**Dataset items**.
■ ■ ■ ■ ■
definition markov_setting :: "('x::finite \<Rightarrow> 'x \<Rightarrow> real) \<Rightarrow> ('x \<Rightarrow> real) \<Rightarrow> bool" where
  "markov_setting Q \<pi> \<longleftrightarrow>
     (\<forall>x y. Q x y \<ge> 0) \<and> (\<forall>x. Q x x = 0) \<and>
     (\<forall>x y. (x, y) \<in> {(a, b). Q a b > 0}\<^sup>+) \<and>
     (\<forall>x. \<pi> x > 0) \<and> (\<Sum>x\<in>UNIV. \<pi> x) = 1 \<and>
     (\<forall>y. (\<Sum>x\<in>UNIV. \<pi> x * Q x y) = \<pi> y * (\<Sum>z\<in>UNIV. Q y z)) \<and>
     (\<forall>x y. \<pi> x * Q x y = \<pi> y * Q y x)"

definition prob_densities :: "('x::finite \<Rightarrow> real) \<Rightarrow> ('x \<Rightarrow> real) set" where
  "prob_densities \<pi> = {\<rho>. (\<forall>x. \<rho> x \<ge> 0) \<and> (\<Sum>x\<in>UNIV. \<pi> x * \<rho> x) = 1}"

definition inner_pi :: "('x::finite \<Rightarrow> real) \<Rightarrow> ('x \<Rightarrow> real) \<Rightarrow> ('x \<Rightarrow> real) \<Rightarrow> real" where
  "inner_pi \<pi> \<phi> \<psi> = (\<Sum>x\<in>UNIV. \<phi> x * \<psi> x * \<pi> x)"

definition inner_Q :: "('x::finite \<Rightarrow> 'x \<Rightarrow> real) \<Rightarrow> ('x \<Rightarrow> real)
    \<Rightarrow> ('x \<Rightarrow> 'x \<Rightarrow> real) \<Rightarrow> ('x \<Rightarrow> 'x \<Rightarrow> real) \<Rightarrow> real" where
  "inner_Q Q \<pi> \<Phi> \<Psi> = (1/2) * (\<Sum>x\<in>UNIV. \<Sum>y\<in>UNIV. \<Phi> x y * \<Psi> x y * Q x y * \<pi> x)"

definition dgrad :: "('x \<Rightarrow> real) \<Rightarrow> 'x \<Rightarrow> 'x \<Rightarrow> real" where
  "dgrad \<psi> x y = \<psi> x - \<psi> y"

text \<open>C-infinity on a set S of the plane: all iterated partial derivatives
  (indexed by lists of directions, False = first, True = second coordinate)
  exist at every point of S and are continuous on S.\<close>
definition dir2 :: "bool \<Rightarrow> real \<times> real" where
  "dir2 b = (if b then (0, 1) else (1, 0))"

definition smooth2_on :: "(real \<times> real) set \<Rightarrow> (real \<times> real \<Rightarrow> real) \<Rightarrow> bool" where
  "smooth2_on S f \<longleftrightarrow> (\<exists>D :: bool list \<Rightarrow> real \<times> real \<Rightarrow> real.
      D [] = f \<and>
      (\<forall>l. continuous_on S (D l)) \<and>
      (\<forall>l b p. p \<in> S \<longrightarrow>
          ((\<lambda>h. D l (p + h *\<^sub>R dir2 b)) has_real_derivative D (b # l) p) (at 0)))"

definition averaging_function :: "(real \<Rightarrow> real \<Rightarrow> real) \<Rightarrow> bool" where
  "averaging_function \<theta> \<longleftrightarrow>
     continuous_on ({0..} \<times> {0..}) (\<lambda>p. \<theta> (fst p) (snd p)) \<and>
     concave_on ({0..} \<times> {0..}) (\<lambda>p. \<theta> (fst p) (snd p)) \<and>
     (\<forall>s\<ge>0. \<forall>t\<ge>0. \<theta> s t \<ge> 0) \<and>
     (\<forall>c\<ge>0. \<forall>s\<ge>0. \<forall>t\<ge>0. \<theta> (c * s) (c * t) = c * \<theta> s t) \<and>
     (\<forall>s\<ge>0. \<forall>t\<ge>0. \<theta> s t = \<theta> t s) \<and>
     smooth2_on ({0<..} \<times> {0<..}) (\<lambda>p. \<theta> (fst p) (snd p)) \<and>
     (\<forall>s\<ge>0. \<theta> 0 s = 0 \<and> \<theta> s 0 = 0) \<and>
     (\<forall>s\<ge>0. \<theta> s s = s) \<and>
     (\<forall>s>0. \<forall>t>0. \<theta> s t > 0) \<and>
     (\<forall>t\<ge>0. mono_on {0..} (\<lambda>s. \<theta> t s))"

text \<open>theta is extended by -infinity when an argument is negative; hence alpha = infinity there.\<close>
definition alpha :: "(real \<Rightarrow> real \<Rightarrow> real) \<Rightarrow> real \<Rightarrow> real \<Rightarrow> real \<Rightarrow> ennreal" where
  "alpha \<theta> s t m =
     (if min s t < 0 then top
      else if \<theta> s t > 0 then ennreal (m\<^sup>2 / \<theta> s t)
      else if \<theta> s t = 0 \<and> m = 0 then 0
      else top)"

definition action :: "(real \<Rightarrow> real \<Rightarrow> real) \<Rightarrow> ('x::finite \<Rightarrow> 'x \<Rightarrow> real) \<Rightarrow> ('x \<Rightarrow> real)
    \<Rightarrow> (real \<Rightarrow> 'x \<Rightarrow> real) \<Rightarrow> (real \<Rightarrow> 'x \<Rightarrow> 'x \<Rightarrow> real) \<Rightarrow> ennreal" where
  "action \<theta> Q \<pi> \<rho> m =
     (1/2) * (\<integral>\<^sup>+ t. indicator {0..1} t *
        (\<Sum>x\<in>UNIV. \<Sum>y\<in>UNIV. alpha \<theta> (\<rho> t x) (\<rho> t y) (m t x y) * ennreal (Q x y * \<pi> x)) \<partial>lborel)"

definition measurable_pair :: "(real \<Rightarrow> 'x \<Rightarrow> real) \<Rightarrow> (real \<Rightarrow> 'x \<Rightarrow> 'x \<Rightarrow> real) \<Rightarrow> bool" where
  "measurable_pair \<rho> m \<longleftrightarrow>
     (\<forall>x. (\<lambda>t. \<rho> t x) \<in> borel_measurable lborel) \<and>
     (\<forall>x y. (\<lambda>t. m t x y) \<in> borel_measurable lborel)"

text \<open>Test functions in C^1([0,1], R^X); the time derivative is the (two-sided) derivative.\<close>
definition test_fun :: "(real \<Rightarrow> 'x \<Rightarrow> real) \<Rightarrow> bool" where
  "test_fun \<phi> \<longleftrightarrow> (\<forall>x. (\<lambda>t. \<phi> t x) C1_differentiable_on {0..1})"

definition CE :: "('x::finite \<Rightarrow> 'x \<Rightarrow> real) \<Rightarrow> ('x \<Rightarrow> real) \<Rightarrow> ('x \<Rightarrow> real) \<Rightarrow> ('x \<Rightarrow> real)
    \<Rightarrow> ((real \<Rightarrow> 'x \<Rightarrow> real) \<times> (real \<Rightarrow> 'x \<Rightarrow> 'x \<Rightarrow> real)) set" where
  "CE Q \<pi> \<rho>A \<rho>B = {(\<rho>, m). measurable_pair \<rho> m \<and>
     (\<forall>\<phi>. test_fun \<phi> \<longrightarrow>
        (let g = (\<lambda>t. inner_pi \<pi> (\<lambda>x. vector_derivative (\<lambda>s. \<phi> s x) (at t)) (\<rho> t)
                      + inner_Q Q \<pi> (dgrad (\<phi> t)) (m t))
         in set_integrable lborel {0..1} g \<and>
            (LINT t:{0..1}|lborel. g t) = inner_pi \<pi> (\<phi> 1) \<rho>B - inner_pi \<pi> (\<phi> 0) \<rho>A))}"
■ ■ ■ ■ ■
**Problem**. From the first line to the last, copy the records exactly as they appear above.

**Response**.
definition markov_setting :: "('x::finite \<Rightarrow> 'x \<Rightarrow> real) \<Rightarrow> ('x \<Rightarrow> real) \<Rightarrow> bool" where
  "markov_setting Q \<pi> \<longleftrightarrow>
     (\<forall>x y. Q x y \<ge> 0) \<and> (\<forall>x. Q x x = 0) \<and>
     (\<forall>x y. (x, y) \<in> {(a, b). Q a b > 0}\<^sup>+) \<and>
     (\<forall>x. \<pi> x > 0) \<and> (\<Sum>x\<in>UNIV. \<pi> x) = 1 \<and>
     (\<forall>y. (\<Sum>x\<in>UNIV. \<pi> x * Q x y) = \<pi> y * (\<Sum>z\<in>UNIV. Q y z)) \<and>
     (\<forall>x y. \<pi> x * Q x y = \<pi> y * Q y x)"

definition prob_densities :: "('x::finite \<Rightarrow> real) \<Rightarrow> ('x \<Rightarrow> real) set" where
  "prob_densities \<pi> = {\<rho>. (\<forall>x. \<rho> x \<ge> 0) \<and> (\<Sum>x\<in>UNIV. \<pi> x * \<rho> x) = 1}"

definition inner_pi :: "('x::finite \<Rightarrow> real) \<Rightarrow> ('x \<Rightarrow> real) \<Rightarrow> ('x \<Rightarrow> real) \<Rightarrow> real" where
  "inner_pi \<pi> \<phi> \<psi> = (\<Sum>x\<in>UNIV. \<phi> x * \<psi> x * \<pi> x)"

definition inner_Q :: "('x::finite \<Rightarrow> 'x \<Rightarrow> real) \<Rightarrow> ('x \<Rightarrow> real)
    \<Rightarrow> ('x \<Rightarrow> 'x \<Rightarrow> real) \<Rightarrow> ('x \<Rightarrow> 'x \<Rightarrow> real) \<Rightarrow> real" where
  "inner_Q Q \<pi> \<Phi> \<Psi> = (1/2) * (\<Sum>x\<in>UNIV. \<Sum>y\<in>UNIV. \<Phi> x y * \<Psi> x y * Q x y * \<pi> x)"

definition dgrad :: "('x \<Rightarrow> real) \<Rightarrow> 'x \<Rightarrow> 'x \<Rightarrow> real" where
  "dgrad \<psi> x y = \<psi> x - \<psi> y"

text \<open>C-infinity on a set S of the plane: all iterated partial derivatives
  (indexed by lists of directions, False = first, True = second coordinate)
  exist at every point of S and are continuous on S.\<close>
definition dir2 :: "bool \<Rightarrow> real \<times> real" where
  "dir2 b = (if b then (0, 1) else (1, 0))"

definition smooth2_on :: "(real \<times> real) set \<Rightarrow> (real \<times> real \<Rightarrow> real) \<Rightarrow> bool" where
  "smooth2_on S f \<longleftrightarrow> (\<exists>D :: bool list \<Rightarrow> real \<times> real \<Rightarrow> real.
      D [] = f \<and>
      (\<forall>l. continuous_on S (D l)) \<and>
      (\<forall>l b p. p \<in> S \<longrightarrow>
          ((\<lambda>h. D l (p + h *\<^sub>R dir2 b)) has_real_derivative D (b # l) p) (at 0)))"

definition averaging_function :: "(real \<Rightarrow> real \<Rightarrow> real) \<Rightarrow> bool" where
  "averaging_function \<theta> \<longleftrightarrow>
     continuous_on ({0..} \<times> {0..}) (\<lambda>p. \<theta> (fst p) (snd p)) \<and>
     concave_on ({0..} \<times> {0..}) (\<lambda>p. \<theta> (fst p) (snd p)) \<and>
     (\<forall>s\<ge>0. \<forall>t\<ge>0. \<theta> s t \<ge> 0) \<and>
     (\<forall>c\<ge>0. \<forall>s\<ge>0. \<forall>t\<ge>0. \<theta> (c * s) (c * t) = c * \<theta> s t) \<and>
     (\<forall>s\<ge>0. \<forall>t\<ge>0. \<theta> s t = \<theta> t s) \<and>
     smooth2_on ({0<..} \<times> {0<..}) (\<lambda>p. \<theta> (fst p) (snd p)) \<and>
     (\<forall>s\<ge>0. \<theta> 0 s = 0 \<and> \<theta> s 0 = 0) \<and>
     (\<forall>s\<ge>0. \<theta> s s = s) \<and>
     (\<forall>s>0. \<forall>t>0. \<theta> s t > 0) \<and>
     (\<forall>t\<ge>0. mono_on {0..} (\<lambda>s. \<theta> t s))"

text \<open>theta is extended by -infinity when an argument is negative; hence alpha = infinity there.\<close>
definition alpha :: "(real \<Rightarrow> real \<Rightarrow> real) \<Rightarrow> real \<Rightarrow> real \<Rightarrow> real \<Rightarrow> ennreal" where
  "alpha \<theta> s t m =
     (if min s t < 0 then top
      else if \<theta> s t > 0 then ennreal (m\<^sup>2 / \<theta> s t)
      else if \<theta> s t = 0 \<and> m = 0 then 0
      else top)"

definition action :: "(real \<Rightarrow> real \<Rightarrow> real) \<Rightarrow> ('x::finite \<Rightarrow> 'x \<Rightarrow> real) \<Rightarrow> ('x \<Rightarrow> real)
    \<Rightarrow> (real \<Rightarrow> 'x \<Rightarrow> real) \<Rightarrow> (real \<Rightarrow> 'x \<Rightarrow> 'x \<Rightarrow> real) \<Rightarrow> ennreal" where
  "action \<theta> Q \<pi> \<rho> m =
     (1/2) * (\<integral>\<^sup>+ t. indicator {0..1} t *
        (\<Sum>x\<in>UNIV. \<Sum>y\<in>UNIV. alpha \<theta> (\<rho> t x) (\<rho> t y) (m t x y) * ennreal (Q x y * \<pi> x)) \<partial>lborel)"

definition measurable_pair :: "(real \<Rightarrow> 'x \<Rightarrow> real) \<Rightarrow> (real \<Rightarrow> 'x \<Rightarrow> 'x \<Rightarrow> real) \<Rightarrow> bool" where
  "measurable_pair \<rho> m \<longleftrightarrow>
     (\<forall>x. (\<lambda>t. \<rho> t x) \<in> borel_measurable lborel) \<and>
     (\<forall>x y. (\<lambda>t. m t x y) \<in> borel_measurable lborel)"

text \<open>Test functions in C^1([0,1], R^X); the time derivative is the (two-sided) derivative.\<close>
definition test_fun :: "(real \<Rightarrow> 'x \<Rightarrow> real) \<Rightarrow> bool" where
  "test_fun \<phi> \<longleftrightarrow> (\<forall>x. (\<lambda>t. \<phi> t x) C1_differentiable_on {0..1})"

definition CE :: "('x::finite \<Rightarrow> 'x \<Rightarrow> real) \<Rightarrow> ('x \<Rightarrow> real) \<Rightarrow> ('x \<Rightarrow> real) \<Rightarrow> ('x \<Rightarrow> real)
    \<Rightarrow> ((real \<Rightarrow> 'x \<Rightarrow> real) \<times> (real \<Rightarrow> 'x \<Rightarrow> 'x \<Rightarrow> real)) set" where
  "CE Q \<pi> \<rho>A \<rho>B = {(\<rho>, m). measurable_pair \<rho> m \<and>
     (\<forall>\<phi>. test_fun \<phi> \<longrightarrow>
        (let g = (\<lambda>t. inner_pi \<pi> (\<lambda>x. vector_derivative (\<lambda>s. \<phi> s x) (at t)) (\<rho> t)
                      + inner_Q Q \<pi> (dgrad (\<phi> t)) (m t))
         in set_integrable lborel {0..1} g \<and>
            (LINT t:{0..1}|lborel. g t) = inner_pi \<pi> (\<phi> 1) \<rho>B - inner_pi \<pi> (\<phi> 0) \<rho>A))}"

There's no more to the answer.